Directing a Japanese cast in his own screenplay, Korean Jae-Yong Kwak in effect divides his exactly two hours into two sections. The opening one introduces nice but lonely university student Jiro Kitamura (Keisuke Koide). He works at a burger place, shares his incongruously nifty rooftop house with pet iguana Raoul and the suppressed memories of a village childhood with grandma, and buys himself a present to celebrate his twentieth birthday eating out alone.

A strange attractive young woman flirtatiously eyes him at Daimaru Department Store and after leaving with unpaid-for clothing and shoes, joins him at the restaurant, leaves with him, again without paying, and the two share a wonderful evening of adventure and friendship. Upset that some boyfriend didn’t want to see her anymore because she is way too tough and unpredictable, she gets Jiro to close his eyes while she goes away a century into the future.

This expository falling-in-love soon grows cloying and cutesy light-novel-for-teens-and-young-adults. There are okay joke moments with her culinary ingredients and birthday-cake-and-champagne copycat routine, or a teacher’s (Megumi Sato) chalk missiles, in addition to puzzlers like a visual projection of the hero with useless arms in a wheelchair “sixty-five years from now” (Rokurô Naya). There is a nice scene of a foggy trip back in time to grandma and cat Raoul, marred by sentimental music; and there are touches of homage, from Terminator’s arrivals from the future to Back to the Future, from Oz’s Tin Woodman’s acquiring through action humanness with a heart and soul, to Japanese mangas.
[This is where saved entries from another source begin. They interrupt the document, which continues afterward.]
(* Let $\mathcal{A}\in\mathbb{R}^{d\times\cdots\times d}$ be an order-$k$ real tensor with the same dimension $d$ in all modes. For every level $1\le\ell\le k$, \[ d^{-(k-\lceil k/\ell\rceil)/2}\|\mathcal{A}\|_F\le\min_{\pi\in\mathcal{P}^\ell_{[k]}}\|\mathrm{Unfold}_\pi(\mathcal{A})\|_\sigma . \]
   Context: $\|\mathcal{A}\|_F$ is the Frobenius norm. For a real tensor $\mathcal{T}\in\mathbb{R}^{e_1\times\cdots\times e_m}$, $\|\mathcal{T}\|_\sigma=\sup\{\sum t_{i_1\dots i_m}x^{(1)}_{i_1}\cdots x^{(m)}_{i_m}:\ \mathbf{x}_n\in\mathbb{R}^{e_n},\ \|\mathbf{x}_n\|_2=1\}$. $\mathcal{P}^\ell_{[k]}$ is the set of partitions of $[k]$ into exactly $\ell$ nonempty blocks. Unfolding: for $\pi=\{B_1,\dots,B_\ell\}$, $\mathrm{Unfold}_\pi(\mathcal{A})$ is the order-$\ell$ tensor of dimensions $(d^{|B_1|},\dots,d^{|B_\ell|})$ whose entry at $(m_1,\dots,m_\ell)$ is $a_{i_1\dots i_k}$, where $m_j$ corresponds to $(i_r)_{r\in B_j}$ under a fixed bijection $[d]^{B_j}\to[d^{|B_j|}]$. *)

theory Defs
  imports "HOL-Analysis.Analysis" "HOL-Library.Disjoint_Sets"
begin

text \<open>An order-m tensor
with dimensions es (a list of length m) only uses its values on the index tuples
below (0-based indices). Modes are numbered 0..k-1.\<close>

definition tuples :: "nat list \<Rightarrow> nat list set" where
  "tuples es = {idx. length idx = length es \<and> (\<forall>n<length es. idx ! n < es ! n)}"

definition frob_norm :: "nat \<Rightarrow> nat \<Rightarrow> (nat list \<Rightarrow> real) \<Rightarrow> real" where
  "frob_norm d k A = sqrt (\<Sum>idx\<in>tuples (replicate k d). (A idx)^2)"

definition spectral_norm :: "nat list \<Rightarrow> (nat list \<Rightarrow> real) \<Rightarrow> real" where
  "spectral_norm es T = Sup {(\<Sum>idx\<in>tuples es. T idx * (\<Prod>n<length es. x n (idx ! n))) | x.
       \<forall>n<length es. (\<Sum>i<es ! n. (x n i)^2) = 1}"

definition set_partitions :: "nat \<Rightarrow> nat \<Rightarrow> nat set set set" where
  "set_partitions k l = {P. partition_on {..<k} P \<and> card P = l}"

definition blocks :: "nat set set \<Rightarrow> nat set list" where
  "blocks P = sorted_key_list_of_set Min P"

definition unfold_dims :: "nat \<Rightarrow> nat set set \<Rightarrow> nat list" where
  "unfold_dims d P = map (\<lambda>B. d ^ card B) (blocks P)"

text \<open>Fixed bijection [d]^B \<rightarrow> [d^|B|]: if B = {r_0 < ... < r_{s-1}}, the multi-index
(i_r) is sent to sum_t i_{r_t} d^t. The unfolding entry at (m_1..m_l) is the entry
of A at the multi-index obtained by inverting this bijection blockwise.\<close>
definition unfold :: "nat \<Rightarrow> nat \<Rightarrow> nat set set \<Rightarrow> (nat list \<Rightarrow> real) \<Rightarrow> (nat list \<Rightarrow> real)" where
  "unfold d k P A = (\<lambda>ms. A (map (\<lambda>r.
      let bs = blocks P;
          j = (THE j. j < length bs \<and> r \<in> bs ! j);
          t = card {s \<in> bs ! j. s < r}
      in (ms ! j div d ^ t) mod d) [0..<k]))"

end

theory Submission
  imports Defs
begin

text \<open>For a partition into blocks \<open>B\<^sub>1, \<dots>, B\<^sub>\<ell>\<close> let \<open>T\<close> be the unfolding of \<open>A\<close>: an order-\<open>\<ell>\<close>
  tensor with \<open>d\<^sup>k\<close> entries whose mode-\<open>j\<close> dimension is \<open>e\<^sub>j = d\<^bsup>|B\<^sub>j|\<^esup>\<close>. Testing \<open>\<parallel>T\<parallel>\<^sub>\<sigma>\<close> against a unit
  vector in mode \<open>j\<close> and coordinate vectors in all other modes shows that every mode-\<open>j\<close> fibre of \<open>T\<close>
  has Euclidean norm at most \<open>\<parallel>T\<parallel>\<^sub>\<sigma>\<close>. The \<open>d\<^sup>k / e\<^sub>j\<close> mode-\<open>j\<close> fibres partition the entries of \<open>T\<close>, so
  \<open>e\<^sub>j \<parallel>T\<parallel>\<^sub>F\<^sup>2 \<le> d\<^sup>k \<parallel>T\<parallel>\<^sub>\<sigma>\<^sup>2\<close>. For a largest block \<open>|B\<^sub>j| \<ge> \<lceil>k/\<ell>\<rceil>\<close>, and \<open>\<parallel>A\<parallel>\<^sub>F = \<parallel>T\<parallel>\<^sub>F\<close> because the
  unfolding only rearranges the entries.\<close>

lemma sum_digits_less:
  fixes c :: "nat \<Rightarrow> nat"
  assumes "\<forall>u<n. c u < d"
  shows "(\<Sum>u<n. c u * d^u) < d^n"
  using assms
proof (induction n)
  case (Suc n)
  then have IH: "(\<Sum>u<n. c u * d^u) + 1 \<le> d^n" and digit: "c n + 1 \<le> d" by auto
  have "(\<Sum>u<Suc n. c u * d^u) + 1 \<le> (c n + 1) * d^n" using IH by simp
  also have "\<dots> \<le> d * d^n" using digit by (rule mult_right_mono) simp
  finally show ?case by simp
qed simp

lemma sum_digits_nth:
  fixes c :: "nat \<Rightarrow> nat"
  assumes "\<forall>u<n. c u < d" and "t < n"
  shows "(\<Sum>u<n. c u * d^u) div d^t mod d = c t"
  using assms
proof (induction n arbitrary: c t)
  case (Suc n)
  have c0: "c 0 < d" using Suc.prems by simp
  have shift: "(\<Sum>u<Suc n. c u * d^u) = c 0 + d * (\<Sum>u<n. c (Suc u) * d^u)"
    unfolding sum.lessThan_Suc_shift by (simp add: sum_distrib_left mult.assoc mult.left_commute)
  show ?case
  proof (cases t)
    case (Suc t')
    have "(\<Sum>u<Suc n. c u * d^u) div d^t = (\<Sum>u<n. c (Suc u) * d^u) div d^t'"
      unfolding shift using c0 by (simp add: Suc div_mult2_eq)
    then show ?thesis using Suc.IH[of "\<lambda>u. c (Suc u)" t'] Suc.prems Suc by simp
  qed (use shift c0 in simp)
qed simp

definition set_rank :: "nat set \<Rightarrow> nat \<Rightarrow> nat" where
  "set_rank B s = card {s' \<in> B. s' < s}"

lemma bij_betw_set_rank:
  assumes "finite B"
  shows "bij_betw (set_rank B) B {..<card B}"
proof -
  have mono: "set_rank B s < set_rank B s'" if "s \<in> B" "s < s'" for s s'
    unfolding set_rank_def using that assms by (intro psubset_card_mono) auto
  have inj: "inj_on (set_rank B) B"
    by (rule inj_onI) (metis mono nat_neq_iff less_irrefl)
  have "set_rank B ` B \<subseteq> {..<card B}"
    unfolding set_rank_def using assms by (auto intro!: psubset_card_mono)
  moreover have "card (set_rank B ` B) = card {..<card B}"
    using card_image[OF inj] by simp
  ultimately show ?thesis
    using inj by (simp add: bij_betw_def card_subset_eq)
qed

lemma sum_digits_set:
  fixes c :: "nat \<Rightarrow> nat"
  assumes "finite B" and "\<forall>s\<in>B. c s < d"
  shows sum_digits_set_less: "(\<Sum>s\<in>B. c s * d ^ set_rank B s) < d ^ card B"
    and sum_digits_set_nth: "r \<in> B \<Longrightarrow> (\<Sum>s\<in>B. c s * d ^ set_rank B s) div d ^ set_rank B r mod d = c r"
proof -
  define h where "h = the_inv_into B (set_rank B)"
  have bij: "bij_betw (set_rank B) B {..<card B}" using bij_betw_set_rank[OF assms(1)] .
  have h_set_rank: "h (set_rank B s) = s" if "s \<in> B" for s
    unfolding h_def using bij that by (simp add: bij_betw_def the_inv_into_f_f)
  have h_in: "h u \<in> B" if "u < card B" for u
    unfolding h_def using bij that by (metis bij_betw_def lessThan_iff the_inv_into_into subset_refl)
  have reindex: "(\<Sum>s\<in>B. c s * d ^ set_rank B s) = (\<Sum>u<card B. c (h u) * d^u)"
    using sum.reindex_bij_betw[OF bij, of "\<lambda>u. c (h u) * d^u", symmetric] h_set_rank
    by (simp cong: sum.cong)
  have digits: "\<forall>u<card B. c (h u) < d" using h_in assms(2) by auto
  show "(\<Sum>s\<in>B. c s * d ^ set_rank B s) < d ^ card B"
    using sum_digits_less[OF digits] reindex by simp
  show "(\<Sum>s\<in>B. c s * d ^ set_rank B s) div d ^ set_rank B r mod d = c r" if "r \<in> B"
    using sum_digits_nth[OF digits, of "set_rank B r"] reindex h_set_rank[OF that] bij that
    by (auto simp: bij_betw_def)
qed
As the returned woman learns the tics of behavior, even to dancing “the Robot” and experiencing the green-eyed monster, she acts with foreknowledge -- more accurately, “afterknowledge” -- to avert human emotional distress, as with a child about to be run over or a nut with a knife in a girls’ school. There is, too, unwise teen slapstick that needs cutting: too much of a TV newsman (Fumiyo Kohinata) at said school, a few Keystone Kops, a comical gasoline-swigging gunman (Hiromasa Taguchi).

Koide has little to work with as hapless hero, and it is Ayase’s nameless heroine who engages the audience upon her return. The “earlier” man who rejected the sweet young thing who comes on awfully strong is explained, along with her reason for being here and choosing Jiro in the first place.

SPOILER ALERT

All will be brought to a head in a wonderfully generated earthquake which levels present-day Tokyo and occasions self-sacrifice and remorse. A new skyline will rise, and, as clarified in the future, sixty-some-odd years go into rebuilding a woman as well, from memory up. Lucky for laughter, unto death’s last birthday she loves, and is either programmed for or simply humanly delighted by, the old face-in-the-cake celebration.